Given new data points, k-means will assign each to the closest cluster center. The next example shows the boundaries of the cluster centers that were learned above:
In [6]:
from matplotlib.colors import ListedColormap
cm3 = ListedColormap(['#0000aa', '#ff2020', '#50ff50'])
def plot_2d_classification(classifier, X, fill=False, ax=None, eps=None, alpha=1, cm=cm3):
# multiclass
if eps is None:
eps = X.std() / 2.
if ax is None:
ax = plt.gca()
x_min, x_max = X[:, 0].min() - eps, X[:, 0].max() + eps
y_min, y_max = X[:, 1].min() - eps, X[:, 1].max() + eps
xx = np.linspace(x_min, x_max, 1000)
yy = np.linspace(y_min, y_max, 1000)
X1, X2 = np.meshgrid(xx, yy)
X_grid = np.c_[X1.ravel(), X2.ravel()]
decision_values = classifier.predict(X_grid)
ax.imshow(decision_values.reshape(X1.shape), extent=(x_min, x_max,
y_min, y_max),
aspect='auto', origin='lower', alpha=alpha, cmap=cm)
ax.set_xlim(x_min, x_max)
ax.set_ylim(y_min, y_max)
ax.set_xticks(())
ax.set_yticks(())
In [7]:
c = ['#0000aa', '#ff2020', '#50ff50']
def plot_kmeans_boundaries():
X, y = make_blobs(random_state=1)
init = X[:3, :]
km = KMeans(n_clusters=3, init=init, max_iter=2, n_init=1).fit(X)
discrete_scatter(X[:, 0], X[:, 1], km.labels_, markers=['o'], c=c)
discrete_scatter(km.cluster_centers_[:, 0], km.cluster_centers_[:, 1], [0, 1, 2], markers=['^'], markeredgewidth=2, c=c)
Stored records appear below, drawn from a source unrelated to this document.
lemma Units_mult_eq_zero:
  "a \<in> Units R \<Longrightarrow> b \<in> carrier R \<Longrightarrow> a \<otimes> b = \<zero> \<Longrightarrow> b = \<zero>"
  using Units_l_cancel[of a b \<zero>] Units_closed[of a] by simp

lemma two_Units_if_odd_card:
  assumes "finite (carrier R)" "odd (card (carrier R))"
  shows "\<one> \<oplus> \<one> \<in> Units R"
proof -
  define k where "k = Suc (card (carrier R)) div 2"
  have "2 * k = Suc (card (carrier R))"
    using assms(2) by (simp add: k_def)
  then have "add_pow R (2::nat) \<one> \<otimes> add_pow R k \<one> = add_pow R (Suc (card (carrier R))) \<one>"
    using add_pow_one_mult[of 2 k] by metis
  also have "\<dots> = \<one>"
    using add_pow_card_eq_zero[OF assms(1) one_closed] by simp
  finally have "(\<one> \<oplus> \<one>) \<otimes> add_pow R k \<one> = \<one>"
    by (simp add: numeral_2_eq_2)
  moreover have "add_pow R k \<one> \<otimes> (\<one> \<oplus> \<one>) = (\<one> \<oplus> \<one>) \<otimes> add_pow R k \<one>"
    by (simp add: add_pow_ldistr add_pow_rdistr)
  ultimately show ?thesis
    unfolding Units_def by force
qed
plot_2d_classification(km, X, cm=cm3, alpha=.4)
In [8]:
plot_kmeans_boundaries()
Applying k-means with scikit-learn is quite straightforward. Here, we apply it to the synthetic data that we used for the preceding plots. We instantiate the KMeans class, and set the number of clusters we are looking for. Then we call the fit method with the data:
In [9]:
from sklearn.datasets import make_blobs
from sklearn.cluster import KMeans
# generate synthetic two-dimensional data
X, y = make_blobs(random_state=1)
# build the clustering model
kmeans = KMeans(n_clusters=3)
kmeans.fit(X)
Out[9]:
During the algorithm, each training data point in X is assigned a cluster label. You can find these labels in the kmeans.labels_
attribute:
In [10]:
print("Cluster memberships:\n{}".format(kmeans.labels_))
As we asked for three clusters, the clusters are numbered 0 to 2.
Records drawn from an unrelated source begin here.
lemma stationary_solution_cases:
  fixes L T :: complex
  assumes "T \<noteq> 0" and an: "S analytic_on {0}" and sol: "\<forall>\<^sub>F z in nhds 0. stationary_lhs L T S z = 0"
  shows "(\<forall>\<^sub>F z in nhds 0. S z = 0) \<or> (\<forall>\<^sub>F z in nhds 0. S z = (L * T * z + 1) / (L * T * z + T))"
proof -
  obtain e where "e > 0" "S holomorphic_on ball 0 e" using an by (auto simp: analytic_on_def)
  have "\<forall>\<^sub>F z in nhds 0. norm z < e \<and> stationary_lhs L T S z = 0 \<and> L * T * z + T \<noteq> 0"
    using eventually_norm_less_nhds[where f="\<lambda>z. z" and a=0 and r=e] sol \<open>e > 0\<close> \<open>T \<noteq> 0\<close>
      eventually_neq_nhds[where f="\<lambda>z. L * T * z + T" and a=0 and c=0]
    by (auto intro: eventually_conj continuous_intros)
  then obtain R where "R > 0" and R: "\<And>z. z \<in> ball 0 R \<Longrightarrow>
      norm z < e \<and> stationary_lhs L T S z = 0 \<and> L * T * z + T \<noteq> 0"
    unfolding eventually_nhds_metric by (auto simp: dist_commute)
  have hol: "S holomorphic_on ball 0 R"
    using \<open>S holomorphic_on ball 0 e\<close> R by (auto intro: holomorphic_on_subset)
  show ?thesis
  proof (cases "\<forall>z\<in>ball 0 R. S z = 0")
    case True
    then have "\<forall>\<^sub>F z in nhds 0. S z = 0"
      using eventually_nhds_in_open[of "ball 0 R" 0] \<open>R > 0\<close> by (auto elim: eventually_mono)
    then show ?thesis ..
  next
    case False
    then obtain \<beta> where "\<beta> \<in> ball 0 R" "S \<beta> \<noteq> 0" by blast
    moreover have "0 \<in> ball 0 R" using \<open>R > 0\<close> by simp
    ultimately have "\<forall>\<^sub>F z in at 0. S z \<noteq> 0 \<and> z \<in> ball 0 R"
      using non_zero_neighbour_alt[OF hol open_ball connected_ball] by blast
    then obtain r where "r > 0" and r: "\<And>z. z \<noteq> 0 \<Longrightarrow> dist z 0 < r \<Longrightarrow> S z \<noteq> 0 \<and> z \<in> ball 0 R"
      unfolding eventually_at by auto
    define r' where "r' = min r R"
    have "S z = (L * T * z + 1) / (L * T * z + T)" if "z \<noteq> 0" "dist z 0 < r'" for z
    proof -
      have "first_integral L T S z = 0"
        using that r R by (intro first_integral_eq_0_on_ball[of S r'])
          (auto simp: r'_def dist_norm intro: holomorphic_on_subset[OF hol])
      moreover have "L * T * z + T \<noteq> 0" using that R by (simp add: r'_def dist_norm)
      ultimately show ?thesis using first_integral_eq_0_iff \<open>z \<noteq> 0\<close> by blast
    qed
    then have "\<forall>\<^sub>F z in at 0. S z = (L * T * z + 1) / (L * T * z + T)"
      unfolding eventually_at using \<open>r > 0\<close> \<open>R > 0\<close> by (intro exI[of _ r']) (simp add: r'_def)
    then have "\<forall>\<^sub>F z in nhds 0. S z = (L * T * z + 1) / (L * T * z + T)"
      using analytic_at_imp_isCont[OF an] \<open>T \<noteq> 0\<close>
      by (intro isCont_eventually_eq_nhds) (auto intro!: continuous_intros)
    then show ?thesis ..
  qed
qed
You can also assign cluster labels to new points, using the predict method. Each new point is assigned to the closest cluster center when predicting, but the existing model is not changed. Running predict on the training set returns the same result as labels_
:
In [11]:
print(kmeans.predict(X))
You can see that clustering is somewhat similar to classification, in that each item gets a label. However, there is no ground truth, and consequently the labels themselves have no a priori meaning. Let’s go back to the example of clustering face images that we discussed before. It might be that the cluster 3 found by the algorithm contains only faces of your friend Alice. You can only know that after you look at the pictures, though, and the number 3 is arbitrary. The only information the algorithm gives you is that all faces labeled as 3 are similar.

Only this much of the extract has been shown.